▶ **WORK INSTRUCTIONS**
Your job is to set down the stretch of entries that opens with the line containing "(* Functor-of-points model." and closes with the line containing "number field), E". Keep both end lines, copy each exactly, and add nothing.

▶ **DATA SHOWN**
(* The map $n\mapsto nXn^{-1}-X$ induces an isomorphism from $N_X\backslash N$ onto $\mathfrak{u}_X$.
   Context: Let $E/F$ be a quadratic extension of number fields with nontrivial automorphism $\sigma$. Let $r\ge1$ and $d_1,\dots,d_r\ge0$ be integers, and let $V_F$ be an $F$-vector space with basis $(e^i_{k,j})_{1\le i\le j\le r,\,1\le k\le d_j}$; $V=V_F\otimes_FE$, $V^i_j$ the $E$-span of $(e^i_{k,j})_k$, so $V=\bigoplus_{1\le i\le j\le r}V^i_j$. Let $\mathfrak{s}$ be the $F$-space of $\sigma$-linear endomorphisms of $V$ (i.e. $X(\lambda v)=\sigma(\lambda)X(v)$), and $H=\mathrm{Res}_{E/F}GL_E(V)$ acting on $\mathfrak{s}$ by conjugation. Let $X\in\mathfrak{s}$ be the $\sigma$-linear map with $Xe^i_{k,j}=e^{i-1}_{k,j}$ for $i>1$ and $Xe^1_{k,j}=0$; let $H_X$ be its centralizer in $H$. Let $\mathfrak{n}=\bigoplus\mathrm{Hom}_E(V^i_j,V^{i'}_{j'})$, sum over pairs with $i>i'$ or ($i=i'$ and $j<j'$), let $N$ be the unipotent $F$-subgroup of $H$ with Lie algebra $\mathfrak{n}$ (i.e. $N=1+\mathfrak{n}$), and $N_X=N\cap H_X$. Let $\mathfrak{u}_X$ be the set of $Y\in\mathfrak{s}$ whose block component from $V^i_j$ to $V^{i'}_{j'}$ is zero except when $1<i$ and ($i-1>i'$ or ($i=i'+1$ and $j<j'$)). All objects are viewed as $F$-varieties. *)

theory Defs
  imports Main "HOL-Library.Product_Plus"
begin

(* Functor-of-points model.  F is a field of characteristic 0 (standing in for the
   number field), E = F(sqrt delta) with delta a non-square in F, and R is a
   commutative F-algebra (structure map iota).  Then E \<otimes>_F R = R[t]/(t^2 - iota delta);
   an element a + b t is represented by the pair (a,b), and sigma \<otimes> id is (a,b) \<mapsto> (a,-b).
   Below, c stands for iota delta. *)

type_synonym 'r ER = "'r \<times> 'r"

definition emul :: "'r::comm_ring_1 \<Rightarrow> 'r ER \<Rightarrow> 'r ER \<Rightarrow> 'r ER" where
  "emul c x y = (fst x * fst y + c * snd x * snd y, fst x * snd y + snd x * fst y)"

definition esig :: "'r::comm_ring_1 ER \<Rightarrow> 'r ER" where
  "esig x = (fst x, - snd x)"

definition eone :: "'r::comm_ring_1 ER" where
  "eone = (1, 0)"

(* Basis index: (i,j,k) stands for e^i_{k,j}, with 1 <= i <= j <= r, 1 <= k <= d j. *)
definition Idx :: "nat \<Rightarrow> (nat \<Rightarrow> nat) \<Rightarrow> (nat \<times> nat \<times> nat) set" where
  "Idx r d = {(i,j,k). 1 \<le> i \<and> i \<le> j \<and> j \<le> r \<and> 1 \<le> k \<and> k \<le> d j}"

(* A matrix A over E\<otimes>R: entry A p q is the e_p-coefficient of the image of e_q.
   An E-linear map h has matrix h; a sigma-linear map Y has matrix A with Y v = A * sigma(v). *)
type_synonym 'r mat = "(nat \<times> nat \<times> nat) \<Rightarrow> (nat \<times> nat \<times> nat) \<Rightarrow> 'r ER"

definition supp_ok :: "nat \<Rightarrow> (nat \<Rightarrow> nat) \<Rightarrow> 'r::comm_ring_1 mat \<Rightarrow> bool" where
  "supp_ok r d A = (\<forall>p q. (p \<notin> Idx r d \<or> q \<notin> Idx r d) \<longrightarrow> A p q = 0)"

definition mat_mul :: "nat \<Rightarrow> (nat \<Rightarrow> nat) \<Rightarrow> 'r::comm_ring_1 \<Rightarrow> 'r mat \<Rightarrow> 'r mat \<Rightarrow> 'r mat" where
  "mat_mul r d c A B = (\<lambda>p q. if p \<in> Idx r d \<and> q \<in> Idx r d
      then (\<Sum>m\<in>Idx r d. emul c (A p m) (B m q)) else 0)"

definition mat_one :: "nat \<Rightarrow> (nat \<Rightarrow> nat) \<Rightarrow> 'r::comm_ring_1 mat" where
  "mat_one r d = (\<lambda>p q. if p = q \<and> p \<in> Idx r d then eone else 0)"

definition mat_sig :: "'r::comm_ring_1 mat \<Rightarrow> 'r mat" where
  "mat_sig A = (\<lambda>p q. esig (A p q))"

definition mat_minus :: "'r::comm_ring_1 mat \<Rightarrow> 'r mat \<Rightarrow> 'r mat" where
  "mat_minus A B = (\<lambda>p q. A p q - B p q)"

definition mat_inv :: "nat \<Rightarrow> (nat \<Rightarrow> nat) \<Rightarrow> 'r::comm_ring_1 \<Rightarrow> 'r mat \<Rightarrow> 'r mat" where
  "mat_inv r d c h = (SOME B. supp_ok r d B \<and> mat_mul r d c h B = mat_one r d
                                \<and> mat_mul r d c B h = mat_one r d)"

(* Conjugation of the sigma-linear map with matrix A by h \<in> GL(V):
   h o Y o h^{-1} has matrix h * A * sigma(h^{-1}). *)
definition conj :: "nat \<Rightarrow> (nat \<Rightarrow> nat) \<Rightarrow> 'r::comm_ring_1 \<Rightarrow> 'r mat \<Rightarrow> 'r mat \<Rightarrow> 'r mat" where
  "conj r d c h A = mat_mul r d c (mat_mul r d c h A) (mat_sig (mat_inv r d c h))"

definition Xmat :: "nat \<Rightarrow> (nat \<Rightarrow> nat) \<Rightarrow> 'r::comm_ring_1 mat" where
  "Xmat r d = (\<lambda>p q. if p \<in> Idx r d \<and> q \<in> Idx r d \<and> fst q > 1
                        \<and> p = (fst q - 1, snd q) then eone else 0)"

(* block Hom(V^i_j, V^i'_j') lies in n : i > i' or (i = i' and j < j');
   q = source index, p = target index *)
definition n_block :: "nat \<times> nat \<times> nat \<Rightarrow> nat \<times> nat \<times> nat \<Rightarrow> bool" where
  "n_block q p = (case q of (i,j,_) \<Rightarrow> case p of (i',j',_) \<Rightarrow>
                     i > i' \<or> (i = i' \<and> j < j'))"

definition u_block :: "nat \<times> nat \<times> nat \<Rightarrow> nat \<times> nat \<times> nat \<Rightarrow> bool" where
  "u_block q p = (case q of (i,j,_) \<Rightarrow> case p of (i',j',_) \<Rightarrow>
                     1 < i \<and> (i - 1 > i' \<or> (i = i' + 1 \<and> j < j')))"

definition N_pts :: "nat \<Rightarrow> (nat \<Rightarrow> nat) \<Rightarrow> 'r::comm_ring_1 mat set" where
  "N_pts r d = {n. supp_ok r d n \<and> (\<forall>p\<in>Idx r d. n p p = eone)
       \<and> (\<forall>p\<in>Idx r d. \<forall>q\<in>Idx r d. p \<noteq> q \<and> \<not> n_block q p \<longrightarrow> n p q = 0)}"

definition NX_pts :: "nat \<Rightarrow> (nat \<Rightarrow> nat) \<Rightarrow> 'r::comm_ring_1 \<Rightarrow> 'r mat set" where
  "NX_pts r d c = {n \<in> N_pts r d. conj r d c n (Xmat r d) = Xmat r d}"

definition uX_pts :: "nat \<Rightarrow> (nat \<Rightarrow> nat) \<Rightarrow> 'r::comm_ring_1 mat set" where
  "uX_pts r d = {Y. supp_ok r d Y
       \<and> (\<forall>p\<in>Idx r d. \<forall>q\<in>Idx r d. \<not> u_block q p \<longrightarrow> Y p q = 0)}"

definition phi :: "nat \<Rightarrow> (nat \<Rightarrow> nat) \<Rightarrow> 'r::comm_ring_1 \<Rightarrow> 'r mat \<Rightarrow> 'r mat" where
  "phi r d c n = mat_minus (conj r d c n (Xmat r d)) (Xmat r d)"

end

theory Submission
  imports Defs
begin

▶ **ANSWER SECTION**
(* Functor-of-points model.  F is a field of characteristic 0 (standing in for the
   number field), E = F(sqrt delta) with delta a non-square in F, and R is a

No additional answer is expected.